I think that there a couple of reasons why this is the case. Part of this issue stems from Rectenwald’s background and approach to graduate school. In Springtime, Rectenwald says that he never had any real political activist experience. Most of my classmates in graduate school were similar. At the age of 18, right after high school, I worked as a door-to-door fundraiser for Pennsylvania Public Interest Coalition. I asked people for money. I solicited voter registrations. I canvassed on issues ranging from the bottle bill to Pennsylvania utility reform. During college, I also canvassed for Nader’s Raiders (the PIRGs) and Greenpeace.
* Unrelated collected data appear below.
(* Let $\ell=a_1a_2\cdots a_r$ be a $\mathfrak q(2)$-lowest weight vector in $\mathbf B^{\otimes r}$. (1) There is a unique way to write $\ell$ as a concatenation $\ell=u_1u_2\cdots u_s\,2$ such that every $u_i$ is either a trivial lattice permutation or a maximal block of consecutive letters consisting of $2$'s only. (2) Let $A_\ell$ be the set of integers $k$ with $1\le k\le r-1$ such that $|u_1|+\cdots+|u_{i-1}|<k\le |u_1|+\cdots+|u_i|$ for some $i$ with $u_i$ a trivial lattice permutation (here $|u|$ is the length of $u$). For $b=b_1\cdots b_r\in\mathbf B^{\otimes r}$, let $\widehat b$ be the word obtained from $b$ by deleting all letters $b_k$ with $k\in A_\ell$, and let $\overline b=b_{k_1}b_{k_2}\cdots b_{k_m}$ where $A_\ell=\{k_1<\cdots<k_m\}$. Then (a) $C(\ell)=\{b\in\mathbf B^{\otimes r}\mid \widehat b\in C(\widehat\ell),\ \overline b=\overline\ell\}$, where $C(\widehat\ell)$ is the connected component of $\widehat\ell$ in $\mathbf B^{\otimes (r-|A_\ell|)}$; (b) the map $C(\ell)\to C(\widehat\ell)$, $b\mapsto\widehat b$, is a bijection commuting with $\tilde e,\tilde f,\tilde e_{\bar1},\tilde f_{\bar1}$.
   Context: Let $P=\mathbb Z e_1\oplus\mathbb Z e_2$, $\alpha_1=e_1-e_2$, $(k_1,k_2)$ the dual basis of $P^*$. A $\mathfrak{gl}_2$-crystal is a set $B$ with maps $\tilde e,\tilde f:B\to B\sqcup\{0\}$, $\varphi,\varepsilon:B\to\mathbb Z\sqcup\{-\infty\}$, $\mathrm{wt}:B\to P$ satisfying Kashiwara's axioms ($\tilde e$ raises weight by $\alpha_1$, $\tilde f$ lowers it, $\varphi(b)=\varepsilon(b)+\langle k_1-k_2,\mathrm{wt}(b)\rangle$, $\tilde fb=b'\iff b=\tilde eb'$, $\tilde e$ decreases $\varepsilon$ by $1$ and increases $\varphi$ by $1$, $\tilde f$ the reverse, and $\varphi(b)=-\infty$ implies $\tilde eb=\tilde fb=0$). A $\mathfrak q(2)$-crystal is additionally equipped with $\tilde e_{\bar1},\tilde f_{\bar1}:B\to B\sqcup\{0\}$ with $\mathrm{wt}(B)\subset\mathbb Z_{\ge0}e_1\oplus\mathbb Z_{\ge0}e_2$, $\tilde e_{\bar1}$ (resp. $\tilde f_{\bar 1}$) changing weight by $+\alpha_1$ (resp. $-\alpha_1$), and $\tilde f_{\bar1}b=b'\iff b=\tilde e_{\bar1}b'$. Tensor product $B_1\otimes B_2$ on $B_1\times B_2$: $\mathrm{wt}$ additive; $\varepsilon(b_1\otimes b_2)=\max\{\varepsilon(b_1)-\varphi(b_1)+\varepsilon(b_2),\varepsilon(b_1)\}$; $\varphi(b_1\otimes b_2)=\max\{\varphi(b_1)-\varepsilon(b_2)+\varphi(b_2),\varphi(b_2)\}$; $\tilde e(b_1\otimes b_2)=\tilde eb_1\otimes b_2$ if $\varphi(b_1)\ge\varepsilon(b_2)$, else $b_1\otimes\tilde eb_2$; $\tilde f(b_1\otimes b_2)=\tilde fb_1\otimes b_2$ if $\varphi(b_1)>\varepsilon(b_2)$, else $b_1\otimes\tilde fb_2$; $\tilde e_{\bar1},\tilde f_{\bar1}$ act on $b_1$ if $\langle k_1,\mathrm{wt}(b_2)\rangle=\langle k_2,\mathrm{wt}(b_2)\rangle=0$ and on $b_2$ otherwise. $\mathbf B=\{1,2\}$ with $\mathrm{wt}(1)=e_1$, $\mathrm{wt}(2)=e_2$, $\tilde f(1)=2$, $\tilde e(2)=1$, $\tilde e(1)=\tilde f(2)=0$, $\varepsilon(1)=0,\varphi(1)=1,\varepsilon(2)=1,\varphi(2)=0$, $\tilde f_{\bar1}(1)=2$, $\tilde e_{\bar1}(2)=1$, other values $0$. Elements of $\mathbf B^{\otimes r}$ are written as words $a_1\cdots a_r$. $C(b)$ is the connected component of $b$ in the graph with edges $b\to\tilde fb$, $b\to\tilde f_{\bar1}b$. A highest weight vector is $b$ with $\tilde eb=\tilde e_{\bar1}b=0$; a ($\mathfrak q(2)$-)lowest weight vector is $b$ with $\varphi(b)=0$ and $\tilde e^{\varepsilon(b)}b$ a highest weight vector. A trivial lattice permutation is a word in $\{1,2\}$ in which the numbers of $1$'s and $2$'s are equal and in every proper initial segment the number of $1$'s is strictly larger than the number of $2$'s. *)

theory Defs
  imports Main
begin

text \<open>Words in B^{\<otimes> r}: lists over {1,2}; a word x # w is read as x \<otimes> w.
  The value 0 of the Kashiwara operators is modelled by None.\<close>

definition words :: "nat \<Rightarrow> nat list set" where
  "words r = {w. length w = r \<and> set w \<subseteq> {1,2}}"

definition cnt :: "nat \<Rightarrow> nat list \<Rightarrow> nat" where
  "cnt a w = length (filter (\<lambda>x. x = a) w)"

definition wt :: "nat list \<Rightarrow> nat \<times> nat" where
  "wt w = (cnt 1 w, cnt 2 w)"

definition l_eps :: "nat \<Rightarrow> int" where "l_eps x = (if x = 1 then 0 else 1)"
definition l_phi :: "nat \<Rightarrow> int" where "l_phi x = (if x = 1 then 1 else 0)"
definition l_e :: "nat \<Rightarrow> nat option" where "l_e x = (if x = 2 then Some 1 else None)"
definition l_f :: "nat \<Rightarrow> nat option" where "l_f x = (if x = 1 then Some 2 else None)"
definition l_ebar :: "nat \<Rightarrow> nat option" where "l_ebar x = (if x = 2 then Some 1 else None)"
definition l_fbar :: "nat \<Rightarrow> nat option" where "l_fbar x = (if x = 1 then Some 2 else None)"

fun ceps :: "nat list \<Rightarrow> int" where
  "ceps [] = 0"
| "ceps (x # w) = max (l_eps x - l_phi x + ceps w) (l_eps x)"

fun cphi :: "nat list \<Rightarrow> int" where
  "cphi [] = 0"
| "cphi (x # w) = max (l_phi x - ceps w + cphi w) (cphi w)"

fun ce :: "nat list \<Rightarrow> nat list option" where
  "ce [] = None"
| "ce (x # w) = (if l_phi x \<ge> ceps w then map_option (\<lambda>y. y # w) (l_e x)
                 else map_option (\<lambda>v. x # v) (ce w))"

fun cf :: "nat list \<Rightarrow> nat list option" where
  "cf [] = None"
| "cf (x # w) = (if l_phi x > ceps w then map_option (\<lambda>y. y # w) (l_f x)
                 else map_option (\<lambda>v. x # v) (cf w))"

fun cebar :: "nat list \<Rightarrow> nat list option" where
  "cebar [] = None"
| "cebar (x # w) = (if wt w = (0, 0) then map_option (\<lambda>y. y # w) (l_ebar x)
                    else map_option (\<lambda>v. x # v) (cebar w))"

fun cfbar :: "nat list \<Rightarrow> nat list option" where
  "cfbar [] = None"
| "cfbar (x # w) = (if wt w = (0, 0) then map_option (\<lambda>y. y # w) (l_fbar x)
                    else map_option (\<lambda>v. x # v) (cfbar w))"

definition edge :: "(nat list \<times> nat list) set" where
  "edge = {(b, b'). cf b = Some b' \<or> cfbar b = Some b'}"

definition conn_comp :: "nat list \<Rightarrow> nat list set" where
  "conn_comp b = {b'. (b, b') \<in> (edge \<union> edge\<inverse>)\<^sup>*}"

definition highest :: "nat list \<Rightarrow> bool" where
  "highest b \<longleftrightarrow> ce b = None \<and> cebar b = None"

fun ce_pow :: "nat \<Rightarrow> nat list \<Rightarrow> nat list option" where
  "ce_pow 0 b = Some b"
| "ce_pow (Suc n) b = Option.bind (ce_pow n b) ce"

definition lowest :: "nat list \<Rightarrow> bool" where
  "lowest b \<longleftrightarrow> cphi b = 0 \<and>
     (case ce_pow (nat (ceps b)) b of Some h \<Rightarrow> highest h | None \<Rightarrow> False)"

definition trivial_lp :: "nat list \<Rightarrow> bool" where
  "trivial_lp u \<longleftrightarrow> u \<noteq> [] \<and> set u \<subseteq> {1,2} \<and> cnt 1 u = cnt 2 u \<and>
     (\<forall>k. 0 < k \<and> k < length u \<longrightarrow> cnt 1 (take k u) > cnt 2 (take k u))"

definition twos_block :: "nat list \<Rightarrow> bool" where
  "twos_block u \<longleftrightarrow> u \<noteq> [] \<and> set u \<subseteq> {2}"

text \<open>admissible decomposition l = u_1 ... u_s 2; the 2-blocks are maximal, i.e.
  no two consecutive pieces are both blocks of 2's\<close>
definition decomp :: "nat list \<Rightarrow> nat list list \<Rightarrow> bool" where
  "decomp l us \<longleftrightarrow> l = concat us @ [2] \<and>
     (\<forall>u\<in>set us. trivial_lp u \<or> twos_block u) \<and>
     (\<forall>i. Suc i < length us \<longrightarrow> \<not> (twos_block (us ! i) \<and> twos_block (us ! Suc i)))"

text \<open>A_l (1-based positions)\<close>
definition A_set :: "nat list list \<Rightarrow> nat set" where
  "A_set us = {k. \<exists>i < length us. trivial_lp (us ! i) \<and>
       sum_list (map length (take i us)) < k \<and> k \<le> sum_list (map length (take (Suc i) us))}"

definition hat :: "nat set \<Rightarrow> nat list \<Rightarrow> nat list" where
  "hat A b = nths b {i. Suc i \<notin> A}"

definition bar :: "nat set \<Rightarrow> nat list \<Rightarrow> nat list" where
  "bar A b = nths b {i. Suc i \<in> A}"

end

theory Submission
  imports Defs
begin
In graduate school, I did a little bit of fundraising for Cleanwater Action and even, on the phones, for Michael Harrington’s group, Democratic Socialists of America.

Thus, from the beginning of graduate school, I recognized that there was a huge difference between real political action (which involves outreach, lobbying, and money) and the Frankfurt School and postmodern glop that I was served up in my Ph.D. program. While I found the writings of a few Frankfurt School thinkers (Adorno, for example) interesting, they weren’t really that important to me. I think Marcuse did serve up a pretty good critique of society in One Dimensional Man, but beyond that, I was never really seduced by theory. I could speak it and did in seminar papers and articles. But I saw theory as just a technical language I had to learn to speak if I wanted publication. I went to graduate school because I liked literature and a few critical writers, such as Paul Fussell. So many of my classmates seemed to have wanted graduate school to give them a way of looking at the world. I already had that. I wasn’t looking for anything else. Rectenwald might have been. If so, he got far more than he bargained on.

I never saw theory as really connected to American politics. And I’ve known a fair number of people who have either run or worked for the Democratic Party. Most of these people really are concerned with getting concrete legislation passed. With none of these people-- including a woman who tried to take Allan Grayson’s seat in Florida two years ago—did I ever talk about Foucault. With Millennials who have been through graduate programs in the humanities and soft social sciences starting to run for office, there probably is more of an awareness of critical theory.

When I was in graduate school, I served as a paid mentor for six first-year graduate students. In our first meeting, I said, “Welcome to English, where bad ideas come to die.” When one of my charges asked me what I meant, I said, can you think of another discipline in which Freud and Marx are taken  seriously? Psychology abandoned Freud decades ago. And most economists don’t take Marx at all seriously. But welcome to the humanities, where really bad ideas really are taken seriously.

In showing us that postmodernism and social justice warrior culture are absurd at best and dangerous at worst, Rectenwald has told the truth. And in this postmodern age, that truth telling is more important than ever.